Die Idee war gut gemeint: Der IT-Direktor des Bundesinnenministeriums Martin Schallbruch bat die Initiative D21 darum, zum Konzept des Bundes-CIO Stellung zu nehmen, das er maßgeblich initiiert hatte. So brüteten dann die Mitgliedsunternehmen aus dem Verband über dem Konzept, besprachen sich, lobten, kritisierten. Der CIO für den Bund müsse her, sei wichtig für Interoperabilität in der Verwaltung und die Verankerung im BMI und Bundeskanzleramt sei richtig, allerdings habe man nachgeordnete große Bundesbehörden zu wenig berücksichtigt, die Kompetenzen des CTO würden möglicherweise nicht ausreichen und der Dialog des Bundes mit Ländern und Kommunen sei nicht so wirklich im Gange.
Und dann das Desaster, denn das Ursprungskonzept von McKinsey und Co wurde noch einmal grundlegend umgebaut. „Heute ist das ursprüngliche Konzept bis zur Unkenntlichkeit entstellt“, beschwert sich Thomas Langkabel vom IT-Dienstleister CSC im Namen der Initiative D21. Den Bundes-CIO gebe es nicht mehr, eine klare Stimme nach Außen und Innen sei nicht mehr möglich. Denn man habe einen starken Bundes-CIO auf dem Altar des Artikel 65 Grundgesetz geopfert, der die Ressorthoheit für die Ministerien festlegt. Und da es an Juristen in Bundesbehörden sicher nicht mangelt, wird dies auch zukünftig wohl sehr konservativ ausgelegt werden.

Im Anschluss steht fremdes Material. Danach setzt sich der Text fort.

(* Let $(x_k)_{k\ge0}$ be an arbitrary sequence of numbers (or indeterminates), and define $a_n=x_n$ if $n=2^k-1$ for some integer $k\ge0$ and $a_n=0$ otherwise. Let $d(n)=\det\left(a_{i+j}\right)_{i,j=0}^{n-1}$ with $d(0)=1$, and for $n\ge1$ let $\alpha(n)=2^{\lceil\log_2 n\rceil}-1$ and $\beta(n)=2n-1-\alpha(n)$. Then for all $n\ge1$, $$d(n)=(-1)^{\binom{\beta(n)}{2}}x_{\alpha(n)}^{\beta(n)}\,d(n-\beta(n)).$$ *)

theory Defs
  imports Complex_Main "Jordan_Normal_Form.Determinant"
begin

definition seq_a :: "(nat \<Rightarrow> 'a::comm_ring_1) \<Rightarrow> nat \<Rightarrow> 'a" where
  "seq_a x n = (if \<exists>k::nat. n = 2 ^ k - 1 then x n else 0)"

definition hankel_d :: "(nat \<Rightarrow> 'a::comm_ring_1) \<Rightarrow> nat \<Rightarrow> 'a" where
  "hankel_d x n = (if n = 0 then 1 else det (mat n n (\<lambda>(i, j). seq_a x (i + j))))"

definition alpha :: "nat \<Rightarrow> nat" where
  "alpha n = 2 ^ nat \<lceil>log 2 (real n)\<rceil> - 1"

definition beta :: "nat \<Rightarrow> nat" where
  "beta n = 2 * n - 1 - alpha n"

end

theory Submission
  imports Defs
begin

text \<open>
  Let \<open>2^(m-1) < n \<le> 2^m\<close>. Among the indices \<open>2^(m-1) \<le> s \<le> 2n - 2\<close> the only one
  at which \<open>a\<close> can be nonzero is \<open>s = 2^m - 1\<close>. Hence all rows and
  columns with index \<open>\<ge> 2^(m-1)\<close> vanish off the anti-diagonal \<open>i + j = 2^m - 1\<close>.
  A permutation contributing to the determinant must then send each of the last
  \<open>n - N\<close> indices \<open>i\<close> (where \<open>N = 2^m - n\<close>) to \<open>2^m - 1 - i\<close>, so it is the reversal
  of \<open>{N..<n}\<close> composed with a permutation of \<open>{0..<N}\<close>. The reversal contributes the
  sign \<open>(-1)^(n - N choose 2)\<close> and the factor \<open>x(2^m - 1)^(n - N)\<close>, and what remains
  is \<open>d(N)\<close>; finally \<open>\<alpha>(n) = 2^m - 1\<close> and \<open>\<beta>(n) = n - N\<close>.
\<close>

definition interval_reversal :: "nat \<Rightarrow> nat \<Rightarrow> nat \<Rightarrow> nat" where
  "interval_reversal a k i = (if a \<le> i \<and> i < a + k then 2 * a + k - 1 - i else i)"

lemma interval_reversal_Suc_Suc:
  "interval_reversal a (k + 2) = transpose a (a + k + 1) \<circ> interval_reversal (a + 1) k"
  by (auto simp: interval_reversal_def fun_eq_iff transpose_def)

lemma interval_reversal_trivial: "k \<le> 1 \<Longrightarrow> interval_reversal a k = id"
  by (auto simp: interval_reversal_def fun_eq_iff)

lemma interval_reversal_permutes: "interval_reversal a k permutes {a..<a + k}"
proof (induction k arbitrary: a rule: nat_induct2)
  case (step k)
  have "interval_reversal (a + 1) k permutes {a..<a + (k + 2)}"
    by (rule permutes_subset[OF step.IH]) auto
  then show ?case
    unfolding interval_reversal_Suc_Suc by (intro permutes_compose permutes_swap_id) auto
qed (simp_all add: interval_reversal_trivial permutes_id)

lemma sign_interval_reversal: "sign (interval_reversal a k) = (-1) ^ (k choose 2)"
proof (induction k arbitrary: a rule: nat_induct2)
  case (step k)
  have "permutation (interval_reversal (a + 1) k)"
    using interval_reversal_permutes permutation_permutes by blast
  then have "sign (interval_reversal a (k + 2)) = - sign (interval_reversal (a + 1) k)"
    unfolding interval_reversal_Suc_Suc by (simp add: sign_compose permutation_swap_id sign_swap_id)
  moreover have "k + 2 choose 2 = (k choose 2) + 2 * k + 1"
    by (simp add: choose_two numeral_2_eq_2)
  ultimately show ?case
    by (simp add: step.IH power_add power_mult)
qed (simp_all add: interval_reversal_trivial sign_id choose_two)

lemma bij_betw_compose_permutes:
  assumes rho: "\<rho> permutes B" and disj: "A \<inter> B = {}"
  shows "bij_betw (\<lambda>q. q \<circ> \<rho>) {q. q permutes A}
           {p. p permutes A \<union> B \<and> (\<forall>i\<in>B. p i = \<rho> i)}"
proof (rule bij_betw_byWitness[where f' = "\<lambda>p. p \<circ> inv_into UNIV \<rho>"])
  have rho': "\<rho> permutes A \<union> B" "inv_into UNIV \<rho> permutes A \<union> B"
    by (rule permutes_subset[OF rho], blast)+ (rule permutes_subset[OF permutes_inv[OF rho]], blast)
  show "\<forall>q\<in>{q. q permutes A}. q \<circ> \<rho> \<circ> inv_into UNIV \<rho> = q"
    "\<forall>p\<in>{p. p permutes A \<union> B \<and> (\<forall>i\<in>B. p i = \<rho> i)}. p \<circ> inv_into UNIV \<rho> \<circ> \<rho> = p"
    using permutes_inv_o[OF rho] by (simp_all add: comp_assoc)
  show "(\<lambda>q. q \<circ> \<rho>) ` {q. q permutes A} \<subseteq> {p. p permutes A \<union> B \<and> (\<forall>i\<in>B. p i = \<rho> i)}"
  proof clarify
    fix q assume q: "q permutes A"
    have "q permutes A \<union> B" by (rule permutes_subset[OF q]) blast
    with rho'(1) have "q \<circ> \<rho> permutes A \<union> B" by (rule permutes_compose)
    moreover have "q (\<rho> i) = \<rho> i" if "i \<in> B" for i
    proof -
      have "\<rho> i \<in> B" using that by (simp add: permutes_in_image[OF rho])
      then show ?thesis using disj by (intro permutes_not_in[OF q]) blast
    qed
    ultimately show "q \<circ> \<rho> permutes A \<union> B \<and> (\<forall>i\<in>B. (q \<circ> \<rho>) i = \<rho> i)" by simp
  qed
  show "(\<lambda>p. p \<circ> inv_into UNIV \<rho>) ` {p. p permutes A \<union> B \<and> (\<forall>i\<in>B. p i = \<rho> i)}
          \<subseteq> {q. q permutes A}"
  proof clarify
    fix p assume p: "p permutes A \<union> B" and p_rho: "\<forall>i\<in>B. p i = \<rho> i"
    have "p \<circ> inv_into UNIV \<rho> permutes A \<union> B" using rho'(2) p by (rule permutes_compose)
    then show "p \<circ> inv_into UNIV \<rho> permutes A"
    proof (rule permutes_superset)
      fix x assume "x \<in> A \<union> B - A"
      then have "x \<in> B" by blast
      moreover have "inv_into UNIV \<rho> x \<in> B"
        using \<open>x \<in> B\<close> by (simp add: permutes_in_image[OF permutes_inv[OF rho]])
      ultimately show "(p \<circ> inv_into UNIV \<rho>) x = x"
        using p_rho permutes_inverses(1)[OF rho] by simp
    qed
  qed
qed

lemma det_mat_permutation_sum:
  "det (mat n n (\<lambda>(i, j). f i j))
     = (\<Sum>p | p permutes {0..<n}. signof p * (\<Prod>i = 0..<n. f i (p i)))"
  unfolding det_def'[of _ n, OF mat_carrier]
  by (intro sum.cong refl arg_cong2[where f = "(*)"] prod.cong) (auto dest: permutes_in_image)

context
  fixes f :: "nat \<Rightarrow> nat \<Rightarrow> 'a::comm_ring_1" and n N h c :: nat and v :: 'a
  assumes corner: "c + 1 = N + n" "2 * h \<le> c + 1" "N \<le> h"
    and antidiagonal: "\<And>i j. i < n \<Longrightarrow> j < n \<Longrightarrow> h \<le> i \<or> h \<le> j \<Longrightarrow>
                         f i j = (if i + j = c then v else 0)"
begin

lemma nonvanishing_permutation_antidiagonal:
  assumes p: "p permutes {0..<n}" and nz: "\<forall>i<n. f i (p i) \<noteq> 0"
    and i: "N \<le> i" "i < n"
  shows "p i = c - i"
proof (cases "h \<le> i")
  case True
  have "p i < n" using p i by (auto dest: permutes_in_image)
  with True i nz antidiagonal show ?thesis by (auto split: if_splits)
next
  case False
  define j where "j = c - i"
  have j: "h \<le> j" "j < n" using False corner i unfolding j_def by auto
  define k where "k = inv_into UNIV p j"
  have "p k = j" "k < n" unfolding k_def
    using j permutes_inverses(1)[OF p] permutes_in_image[OF permutes_inv[OF p]] by auto
  with j nz antidiagonal have "k + j = c" by (auto split: if_splits)
  then have "k = i" using j_def i corner by auto
  with \<open>p k = j\<close> show ?thesis by (simp add: j_def)
qed

lemma det_strip_antidiagonal:
  assumes "N \<le> n"
  shows "det (mat n n (\<lambda>(i, j). f i j))
           = (-1) ^ ((n - N) choose 2) * v ^ (n - N) * det (mat N N (\<lambda>(i, j). f i j))"
proof -
  define \<rho> where "\<rho> = interval_reversal N (n - N)"
  have \<rho>: "\<rho> i = c - i" if "i \<in> {N..<n}" for i
    using that corner unfolding \<rho>_def interval_reversal_def by auto
  have \<rho>_permutes: "\<rho> permutes {N..<n}"
    using interval_reversal_permutes[of N "n - N"] assms by (simp add: \<rho>_def)
  define summand where "summand p = signof p * (\<Prod>i = 0..<n. f i (p i))" for p
  define P where "P = {p. p permutes {0..<N} \<union> {N..<n} \<and> (\<forall>i\<in>{N..<n}. p i = \<rho> i)}"
  have split: "{0..<N} \<union> {N..<n} = {0..<n}" using assms by auto
  have "det (mat n n (\<lambda>(i, j). f i j)) = (\<Sum>p | p permutes {0..<n}. summand p)"
    by (simp add: det_mat_permutation_sum summand_def)
  also have "\<dots> = sum summand P"
  proof (rule sum.mono_neutral_right)
    show "finite {p. p permutes {0..<n}}" by (simp add: finite_permutations)
    show "P \<subseteq> {p. p permutes {0..<n}}" by (auto simp: P_def split)
    show "\<forall>p \<in> {p. p permutes {0..<n}} - P. summand p = 0"
    proof
      fix p assume p: "p \<in> {p. p permutes {0..<n}} - P"
      show "summand p = 0"
      proof (rule ccontr)
        assume "summand p \<noteq> 0"
        then have "(\<Prod>i = 0..<n. f i (p i)) \<noteq> 0" by (auto simp: summand_def)
        then have "\<forall>i<n. f i (p i) \<noteq> 0" using prod_zero[of "{0..<n}"] by fastforce
        then have "p i = \<rho> i" if "i \<in> {N..<n}" for i
          using p that \<rho> nonvanishing_permutation_antidiagonal by simp
        with p show False by (simp add: P_def split)
      qed
    qed
  qed
  also have "\<dots> = (\<Sum>q | q permutes {0..<N}. summand (q \<circ> \<rho>))"
    using bij_betw_compose_permutes[OF \<rho>_permutes, of "{0..<N}"]
    by (intro sum.reindex_bij_betw[symmetric]) (simp add: P_def)
  also have "\<dots> = (\<Sum>q | q permutes {0..<N}.
                     signof \<rho> * v ^ (n - N) * (signof q * (\<Prod>i = 0..<N. f i (q i))))"
  proof (rule sum.cong[OF refl], clarify)
    fix q assume q: "q permutes {0..<N}"
    have "sign (q \<circ> \<rho>) = sign q * sign \<rho>"
      using q \<rho>_permutes by (blast intro: sign_compose permutation_permutes[THEN iffD2])
    moreover have "(\<Prod>i = N..<n. f i ((q \<circ> \<rho>) i)) = v ^ (n - N)"
    proof -
      have "f i ((q \<circ> \<rho>) i) = v" if i: "i \<in> {N..<n}" for i
      proof -
        have "N \<le> c - i" "c - i < n" "h \<le> i \<or> h \<le> c - i" "i + (c - i) = c"
          using i corner by auto
        then show ?thesis using i \<rho> permutes_not_in[OF q] antidiagonal[of i "c - i"] by auto
      qed
      then show ?thesis by simp
    qed
    moreover have "(\<Prod>i = 0..<N. f i ((q \<circ> \<rho>) i)) = (\<Prod>i = 0..<N. f i (q i))"
      using permutes_not_in[OF \<rho>_permutes] by simp
    moreover have "(\<Prod>i = 0..<n. f i ((q \<circ> \<rho>) i))
        = (\<Prod>i = 0..<N. f i ((q \<circ> \<rho>) i)) * (\<Prod>i = N..<n. f i ((q \<circ> \<rho>) i))"
      using assms by (simp add: prod.atLeastLessThan_concat)
    ultimately show "summand (q \<circ> \<rho>) = signof \<rho> * v ^ (n - N) * (signof q * (\<Prod>i = 0..<N. f i (q i)))"
      by (simp add: summand_def)
  qed
  also have "\<dots> = (-1) ^ ((n - N) choose 2) * v ^ (n - N) * det (mat N N (\<lambda>(i, j). f i j))"
    unfolding det_mat_permutation_sum sum_distrib_left[symmetric]
    by (simp add: \<rho>_def sign_interval_reversal)
  finally show ?thesis .
qed

end

lemma pow2_eq_of_window:
  fixes k m :: nat
  assumes "2 ^ m div 2 < (2::nat) ^ k" "(2::nat) ^ k < 2 * 2 ^ m"
  shows "k = m"
proof -
  have "k < Suc m" using assms(2) by (simp del: power_Suc add: power_Suc[symmetric])
  then have "k \<le> m" by simp
  moreover have "\<not> k < m"
  proof
    assume "k < m"
    then have "2 * 2 ^ k \<le> (2::nat) ^ m"
      using power_increasing[of "Suc k" m "2::nat"] by simp
    with assms(1) show False by presburger
  qed
  ultimately show ?thesis by simp
qed

lemma seq_a_dyadic_window:
  fixes m s :: nat
  assumes "2 ^ m div 2 \<le> s" "s < 2 * 2 ^ m - 1"
  shows "seq_a x s = (if s = 2 ^ m - 1 then x s else 0)"
proof (cases "\<exists>k::nat. s = 2 ^ k - 1")
  case True
  then obtain k :: nat where k: "s = 2 ^ k - 1" ..
  have "0 < (2::nat) ^ k" by simp
  with assms have "k = m" unfolding k by (intro pow2_eq_of_window) linarith+
  moreover have "seq_a x s = x s" using True by (simp add: seq_a_def)
  ultimately show ?thesis using k by simp
next
  case False
  then show ?thesis by (auto simp: seq_a_def)
qed

lemma hankel_d_eq_det: "hankel_d x n = det (mat n n (\<lambda>(i, j). seq_a x (i + j)))"
  by (simp add: hankel_d_def)

lemma pow2_ceiling_log_bounds:
  fixes n :: nat
  assumes "n \<ge> 1"
  shows "n \<le> 2 ^ nat \<lceil>log 2 (real n)\<rceil>" "2 ^ nat \<lceil>log 2 (real n)\<rceil> < 2 * n"
proof -
  define m where "m = nat \<lceil>log 2 (real n)\<rceil>"
  have m: "real m = of_int \<lceil>log 2 (real n)\<rceil>"
    unfolding m_def using assms by simp
  have "log 2 (real n) \<le> real m" using m by linarith
  then have "real n \<le> 2 ^ m" using assms by (simp add: log_le_iff powr_realpow)
  then show "n \<le> 2 ^ nat \<lceil>log 2 (real n)\<rceil>"
    unfolding m_def[symmetric] by (metis of_nat_le_iff of_nat_numeral of_nat_power)
  have "real m - 1 < log 2 (real n)" using m by linarith
  then have "2 powr (real m - 1) < real n" using assms by (simp add: less_log_iff)
  then have "real (2 ^ m) < real (2 * n)" by (simp add: powr_diff powr_realpow)
  then show "2 ^ nat \<lceil>log 2 (real n)\<rceil> < 2 * n" unfolding m_def[symmetric] by linarith
qed

theorem theorem4p1:
  fixes x :: "nat \<Rightarrow> 'a::comm_ring_1" and n :: nat
  assumes "n \<ge> 1"
  shows "hankel_d x n
    = (-1) ^ (beta n choose 2) * x (alpha n) ^ beta n * hankel_d x (n - beta n)"
proof -
  define m where "m = nat \<lceil>log 2 (real n)\<rceil>"
  have n_le: "n \<le> 2 ^ m" and lt: "2 ^ m < 2 * n"
    using pow2_ceiling_log_bounds[OF assms] unfolding m_def by auto
  define N where "N = 2 ^ m - n"
  have alpha: "alpha n = 2 ^ m - 1" unfolding alpha_def m_def ..
  have beta: "beta n = n - N" and rest: "n - (n - N) = N"
    unfolding beta_def alpha N_def using n_le lt by auto
  have "hankel_d x n = det (mat n n (\<lambda>(i, j). seq_a x (i + j)))"
    by (rule hankel_d_eq_det)
  also have "\<dots> = (-1) ^ ((n - N) choose 2) * x (2 ^ m - 1) ^ (n - N)
                    * det (mat N N (\<lambda>(i, j). seq_a x (i + j)))"
  proof (rule det_strip_antidiagonal[where h = "2 ^ m div 2" and c = "2 ^ m - 1"])
    show "(2::nat) ^ m - 1 + 1 = N + n" "2 * (2 ^ m div 2) \<le> (2::nat) ^ m - 1 + 1"
      "N \<le> 2 ^ m div 2" "N \<le> n"
      unfolding N_def using n_le lt by auto
    show "seq_a x (i + j) = (if i + j = 2 ^ m - 1 then x (2 ^ m - 1) else 0)"
      if "i < n" "j < n" "2 ^ m div 2 \<le> i \<or> 2 ^ m div 2 \<le> j" for i j
      using seq_a_dyadic_window[of m "i + j" x] that n_le by auto
  qed
  finally show ?thesis unfolding beta rest alpha hankel_d_eq_det .
qed

end
(* Assume the Richardson limit shape $\mathcal{S}$ is uniformly curved, and let $z,r,\delta,\beta,\alpha$ and the sets $\mathcal{R}_0^n,\mathcal{B}_0^n,\mathcal{R}_1^n$ be as defined in the context. Then for all sufficiently large $n$ and all $x\in\mathcal{R}_1^n$, \[d(x,\mathcal{R}_0^n)+4(\delta n)^\beta<d(x,\mathcal{B}_0^n).\]
   Context: $\mathcal{S}$ is the limit shape of the Richardson model on $\mathbb{Z}^d$ (each unoccupied site becomes occupied at rate equal to its number of occupied neighbours): the nonrandom compact convex set with nonempty interior such that for every finite nonempty initial set and $\epsilon>0$, a.s. $(1-\epsilon)\mathcal{S}\subseteq\hat Z(s)/s\subseteq(1+\epsilon)\mathcal{S}$ for large $s$, $\hat Z=\{x:\operatorname{dist}_\infty(x,Z)\le1/2\}$. Uniformly curved: there is $\varrho<\infty$ such that each $z\in\partial\mathcal{S}$ lies on the boundary of a Euclidean ball of radius $\varrho$ containing $\mathcal{S}$. Richardson norm $|x|=\inf\{t>0:x\in t\mathcal{S}\}$, metric $d(x,y)=|x-y|$, $d(x,A)=\inf_{y\in A}d(x,y)$, $\pi x=x/|x|$. $D(x;\rho)=\{y:d(x,y)\le\rho\}$, $D(x;\rho_1,\rho_2)=D(x;\rho_2)\setminus D(x;\rho_1)$. Angular sector: $\mathcal{A}(z;\varrho)=\{y\ne0:d(\pi y,z)<\varrho\}$ for $z\in\partial\mathcal{S}$. Fix $z\in\partial\mathcal{S}$, $r>0$, $\delta\in(0,1)$, $\beta\in(1/2,1)$, $\alpha\in(1/2,1)$ with $(\beta+1)/2<\alpha$; for $n\ge1$, $A_1=\mathcal{A}(z;r)$, $A_2=\mathcal{A}(z;r+n^{\alpha-1})$, $\mathcal{R}_0^n=D(0;n/(1+\delta),n-n^\beta)\cap A_2\cap\mathbb{Z}^d$, $\mathcal{B}_0^n=(D(0;n/(1+\delta))\cup(D(0;n/(1+\delta),n+n^\beta)\cap A_2^c))\cap\mathbb{Z}^d$, $\mathcal{R}_1^n=D(0;n,n(1+\delta)-(n+\delta n)^\beta)\cap A_1\cap\mathbb{Z}^d$. *)

theory Defs
  imports "HOL-Analysis.Analysis"
begin

definition int_lattice :: "(real^'d) set" where
  "int_lattice = {x. \<forall>i. x $ i \<in> \<int>}"

definition rnorm :: "(real^'d) set \<Rightarrow> real^'d \<Rightarrow> real" where
  "rnorm S x = Inf {t. 0 < t \<and> x \<in> (\<lambda>v. t *\<^sub>R v) ` S}"

definition rdist :: "(real^'d) set \<Rightarrow> real^'d \<Rightarrow> real^'d \<Rightarrow> real" where
  "rdist S x y = rnorm S (x - y)"

definition rsetdist :: "(real^'d) set \<Rightarrow> real^'d \<Rightarrow> (real^'d) set \<Rightarrow> real" where
  "rsetdist S x A = Inf (rdist S x ` A)"

definition rproj :: "(real^'d) set \<Rightarrow> real^'d \<Rightarrow> real^'d" where
  "rproj S x = (1 / rnorm S x) *\<^sub>R x"

definition rball :: "(real^'d) set \<Rightarrow> real^'d \<Rightarrow> real \<Rightarrow> (real^'d) set" where
  "rball S x \<rho> = {y. rdist S x y \<le> \<rho>}"

definition rannulus :: "(real^'d) set \<Rightarrow> real^'d \<Rightarrow> real \<Rightarrow> real \<Rightarrow> (real^'d) set" where
  "rannulus S x \<rho>1 \<rho>2 = rball S x \<rho>2 - rball S x \<rho>1"

definition sector :: "(real^'d) set \<Rightarrow> real^'d \<Rightarrow> real \<Rightarrow> (real^'d) set" where
  "sector S z \<rho> = {y. y \<noteq> 0 \<and> rdist S (rproj S y) z < \<rho>}"

definition uniformly_curved :: "(real^'d) set \<Rightarrow> bool" where
  "uniformly_curved S \<longleftrightarrow>
     (\<exists>\<rho>::real. \<forall>w\<in>frontier S. \<exists>c. S \<subseteq> cball c \<rho> \<and> w \<in> sphere c \<rho>)"

definition R0 :: "(real^'d) set \<Rightarrow> real^'d \<Rightarrow> real \<Rightarrow> real \<Rightarrow> real \<Rightarrow> real \<Rightarrow> nat \<Rightarrow> (real^'d) set" where
  "R0 S z r \<delta> \<beta> \<alpha> n =
     rannulus S 0 (real n / (1 + \<delta>)) (real n - real n powr \<beta>)
     \<inter> sector S z (r + real n powr (\<alpha> - 1)) \<inter> int_lattice"

definition B0 :: "(real^'d) set \<Rightarrow> real^'d \<Rightarrow> real \<Rightarrow> real \<Rightarrow> real \<Rightarrow> real \<Rightarrow> nat \<Rightarrow> (real^'d) set" where
  "B0 S z r \<delta> \<beta> \<alpha> n =
     (rball S 0 (real n / (1 + \<delta>))
      \<union> (rannulus S 0 (real n / (1 + \<delta>)) (real n + real n powr \<beta>)
         \<inter> - sector S z (r + real n powr (\<alpha> - 1))))
     \<inter> int_lattice"

definition R1 :: "(real^'d) set \<Rightarrow> real^'d \<Rightarrow> real \<Rightarrow> real \<Rightarrow> real \<Rightarrow> nat \<Rightarrow> (real^'d) set" where
  "R1 S z r \<delta> \<beta> n =
     rannulus S 0 (real n) (real n * (1 + \<delta>) - (real n + \<delta> * real n) powr \<beta>)
     \<inter> sector S z r \<inter> int_lattice"

end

Jedes Ministerium soll also, so sieht es der aktuelle Plan vor, einen eigenen neuen CIO bekommen. Der ist jedoch nicht verpflichtet, den Weg des Bundes-CIOs mitzugehen und dessen avisierte übergeordnete Standards einzusetzen. In einem „Führungsrat“ sollen sich die Ressort-CIOs künftig treffen, um künftige IT-Strategien zu diskutieren und zu verabschieden. Das erinnert an IT-Steering-Commitees in der Industrie. Mit einem Unterschied: Im Bund hat niemand den Hut auf. Denn dem Führungsgremium, das eine Art Nachfolgemeeting für den IMKA (Anm. der. Red: Interministerieller Koordinierungsausschuss für die Informationstechnik in der Bundesverwaltung) ist, sitzt offenbar niemand vor. Das heißt: Einigt man sich nicht im Konsens, wird eben weiter gemacht wie bisher. „Ein fauler Kompromiss“, kommentierte Langkabel von der Initiative D21, „eigentlich nur alter Wein in alten Schläuchen.“
Der IT-Bundesverband Bitkom drückt es dann so aus: „Wir empfehlen, diese Position auf höchster politischer Ebene anzusiedeln, einer einzelnen Person zu übertragen … und mit klaren Entscheidungsbefugnissen über die Ressortgrenzen hinweg“, lautet das offizielle Statement. Der designierte Bundes-CIO Hans Bernhard Beus wird jedoch das Amt des Bundes-CIOs nebenbei mitmachen, im Bundesinnenministerium, in das er nach dem Ausscheiden von Johann Hahlen wieder zurückkehren wird, jedoch seinen üblichen Aufgaben als Staatssekretär nachkommen.
Um auch hier einen Vergleich aus der Industrie heranzuziehen, sei gesagt, dass das in großen Unternehmen durchaus nicht unüblich ist, einen Vorstand mit einigen Ressorts wie etwa Finanzen auch die IT zuzustecken. Der Unterschied ist allerdings, dass der Vorstand in einem Unternehmen die erste Hierarchiebene repräsentiert, ein Staatssekretär ist hingegen gewissermaßen ein Zuarbeiter des Bundes-Vorstands.
Brancheninsider sehen schon diesen Schritt als wichtigen Anfang an. Nach und nach, so deren Hoffnung, werde die Macht des Bundes-CIO schon ausgeweitet werden. Vielleicht wäre das der richtige Schritt, um künftig warnende Zeigefinger des Bundesrechnungshof vorzubeugen, die in diesem Jahre etwa für das Bundeswehr-Mega-Projekt Herkules Verschwendungen in Millionenhöhe anprangerte.